Raspbian GNU/Linux 9 raspberrypi ttyS0
raspberrypi login: pi

Password:
Last login: Thu Sep  7 16:23:37 UTC 2017 on ttyS0
Linux raspberrypi 4.14.0-rc8-v8+ #1 SMP PREEMPT Sun Nov 12 19:55:59 GMT 2017
aarch64

The programs included with the Debian GNU/Linux system are free software;
the exact distribution terms for each program are described in the
individual files in /usr/share/doc/*/copyright.
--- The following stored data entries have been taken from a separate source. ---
lemma dpartial_uniform_limit:
  assumes "M \<ge> 0" and bound: "\<And>\<zeta>. \<zeta> \<in> S \<Longrightarrow> norm \<zeta> \<le> M \<and> norm (w \<zeta>) \<le> M"
  shows "uniform_limit S (\<lambda>N \<zeta>. dpartial a N \<zeta> (w \<zeta>)) (\<lambda>\<zeta>. dseries a \<zeta> (w \<zeta>)) sequentially"
  unfolding uniform_limit_iff
proof (intro allI impI)
  fix e :: real assume "e > 0"
  with majorant_tail_superexponential[of 1 M] assms(1)
  have "\<forall>\<^sub>F N in sequentially. majorant_tail a N M < e"
    by (auto dest: order_tendstoD(2))
  then show "\<forall>\<^sub>F N in sequentially. \<forall>\<zeta>\<in>S. dist (dpartial a N \<zeta> (w \<zeta>)) (dseries a \<zeta> (w \<zeta>)) < e"
  proof eventually_elim
    case (elim N)
    show ?case
    proof
      fix \<zeta> assume "\<zeta> \<in> S"
      then have "dist (dpartial a N \<zeta> (w \<zeta>)) (dseries a \<zeta> (w \<zeta>)) \<le> majorant_tail a N M"
        using bound norm_dseries_minus_dpartial by (simp add: dist_norm norm_minus_commute)
      with elim show "dist (dpartial a N \<zeta> (w \<zeta>)) (dseries a \<zeta> (w \<zeta>)) < e"
        by linarith
    qed
  qed
qed

lemma dpartial_tendsto: "(\<lambda>N. dpartial a N z w) \<longlonglongrightarrow> dseries a z w"
proof -
  have "uniform_limit {z} (\<lambda>N \<zeta>. dpartial a N \<zeta> w) (\<lambda>\<zeta>. dseries a \<zeta> w) sequentially"
    by (rule dpartial_uniform_limit[of "max (norm z) (norm w)"]) (auto intro: max.coboundedI1)
  then show ?thesis
    using tendsto_uniform_limitI by fastforce
qed
definition vol_sup :: "('a \<Rightarrow> 'a \<Rightarrow> real) \<Rightarrow> ('a \<Rightarrow> real) \<Rightarrow> real \<Rightarrow> real" where
  "vol_sup b m s = (SUP x. vol m (closed_ball b s x))"

definition in_l2 :: "('a \<Rightarrow> real) \<Rightarrow> ('a \<Rightarrow> real) \<Rightarrow> bool" where
  "in_l2 m f \<longleftrightarrow> (\<lambda>x. m x * (f x)\<^sup>2) summable_on UNIV"

definition l2_inner :: "('a \<Rightarrow> real) \<Rightarrow> ('a \<Rightarrow> real) \<Rightarrow> ('a \<Rightarrow> real) \<Rightarrow> real" where
  "l2_inner m f g = (\<Sum>\<^sub>\<infinity>x. m x * f x * g x)"

definition l2_norm :: "('a \<Rightarrow> real) \<Rightarrow> ('a \<Rightarrow> real) \<Rightarrow> real" where
  "l2_norm m f = sqrt (l2_inner m f f)"

definition op_norm :: "('a \<Rightarrow> real) \<Rightarrow> (('a \<Rightarrow> real) \<Rightarrow> ('a \<Rightarrow> real)) \<Rightarrow> real" where
  "op_norm m T = Sup {l2_norm m (T f) | f. in_l2 m f \<and> l2_norm m f \<le> 1}"

definition laplacian :: "('a \<Rightarrow> 'a \<Rightarrow> real) \<Rightarrow> ('a \<Rightarrow> real) \<Rightarrow> ('a \<Rightarrow> real) \<Rightarrow> ('a \<Rightarrow> real)" where
  "laplacian b m f = (\<lambda>x. (1 / m x) * (\<Sum>\<^sub>\<infinity>y. b x y * (f x - f y)))"

text \<open>E is the spectral resolution of the bounded selfadjoint operator H on l^2(X,m):
  E A is an orthogonal projection for every Borel set A, E is multiplicative, E UNIV = id,
  E is supported in a compact interval, and for every f the map A \<mapsto> <E A f, f> is a
  finite Borel measure mu_f with <H f, f> = integral of lambda d mu_f, i.e. H = integral of lambda dE.
  Then P_I(H) = E I.\<close>

definition spectral_resolution ::
  "('a \<Rightarrow> real) \<Rightarrow> (('a \<Rightarrow> real) \<Rightarrow> ('a \<Rightarrow> real)) \<Rightarrow> (real set \<Rightarrow> ('a \<Rightarrow> real) \<Rightarrow> ('a \<Rightarrow> real)) \<Rightarrow> bool"
where
  "spectral_resolution m H E \<longleftrightarrow>
     (\<forall>A\<in>sets borel. \<forall>f. in_l2 m f \<longrightarrow> in_l2 m (E A f)) \<and>
     (\<forall>A\<in>sets borel. \<forall>f g c. in_l2 m f \<longrightarrow> in_l2 m g \<longrightarrow>
          E A (\<lambda>x. f x + c * g x) = (\<lambda>x. E A f x + c * E A g x)) \<and>
     (\<forall>A\<in>sets borel. \<forall>f g. in_l2 m f \<longrightarrow> in_l2 m g \<longrightarrow>
          l2_inner m (E A f) g = l2_inner m f (E A g)) \<and>
     (\<forall>A\<in>sets borel. \<forall>B\<in>sets borel. \<forall>f. in_l2 m f \<longrightarrow> E (A \<inter> B) f = E A (E B f)) \<and>
     (\<forall>f. in_l2 m f \<longrightarrow> E UNIV f = f) \<and>
     (\<exists>c. \<forall>f. in_l2 m f \<longrightarrow> E (UNIV - {-c..c}) f = (\<lambda>x. 0)) \<and>
     (\<forall>f. in_l2 m f \<longrightarrow>
        (\<exists>\<mu>. finite_measure \<mu> \<and> sets \<mu> = sets borel \<and>
             (\<forall>A\<in>sets borel. measure \<mu> A = l2_inner m (E A f) f) \<and>
             integrable \<mu> (\<lambda>t. t) \<and>
             l2_inner m (H f) f = (\<integral>t. t \<partial>\<mu>)))"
Debian GNU/Linux comes with ABSOLUTELY NO WARRANTY, to the extent
permitted by applicable law.
pi@raspberrypi:~$ uname -a
Linux raspberrypi 4.14.0-rc8-v8+ #1 SMP PREEMPT Sun Nov 12 19:55:59 GMT 2017
aarch64 GNU/Linux
pi@raspberrypi:~$ cat /proc/cpuinfo
processor       : 0
BogoMIPS        : 38.40
Features        : fp asimd evtstrm crc32 cpuid
CPU implementer : 0x41
CPU architecture: 8
CPU variant     : 0x0
CPU part        : 0xd03
CPU revision    : 4

processor       : 1
BogoMIPS        : 38.40
Features        : fp asimd evtstrm crc32 cpuid
CPU implementer : 0x41
CPU architecture: 8
CPU variant     : 0x0
CPU part        : 0xd03
CPU revision    : 4

processor       : 2
BogoMIPS        : 38.40
Features        : fp asimd evtstrm crc32 cpuid
CPU implementer : 0x41
CPU architecture: 8
CPU variant     : 0x0
CPU part        : 0xd03
CPU revision    : 4

processor       : 3
BogoMIPS        : 38.40
Features        : fp asimd evtstrm crc32 cpuid
CPU implementer : 0x41
CPU architecture: 8
CPU variant     : 0x0
CPU part        : 0xd03
CPU revision    : 4

pi@raspberrypi:~$ sudo shutdown now

... several lines of output ...

[   78.768742] reboot: Power down

The final thing to do was to write the documentation of this port and to create a pull request:

https://github.com/ARM-software/arm-trusted-firmware/pull/1157

It was reviewed and merged, and now the Trusted Firmware-A has an upstream port for the Raspberry Pi 3! It was a pretty interesting project, I learned a lot about the Linux kernel boot process and about the kind of problems that people that do the bringup of a platform have to face.

I hope you found this article interesting!

Update

As of 2018-03-23, the name of the project is Trusted Firmware-A. All references to Arm Trusted Firmware have been replaced by the new name.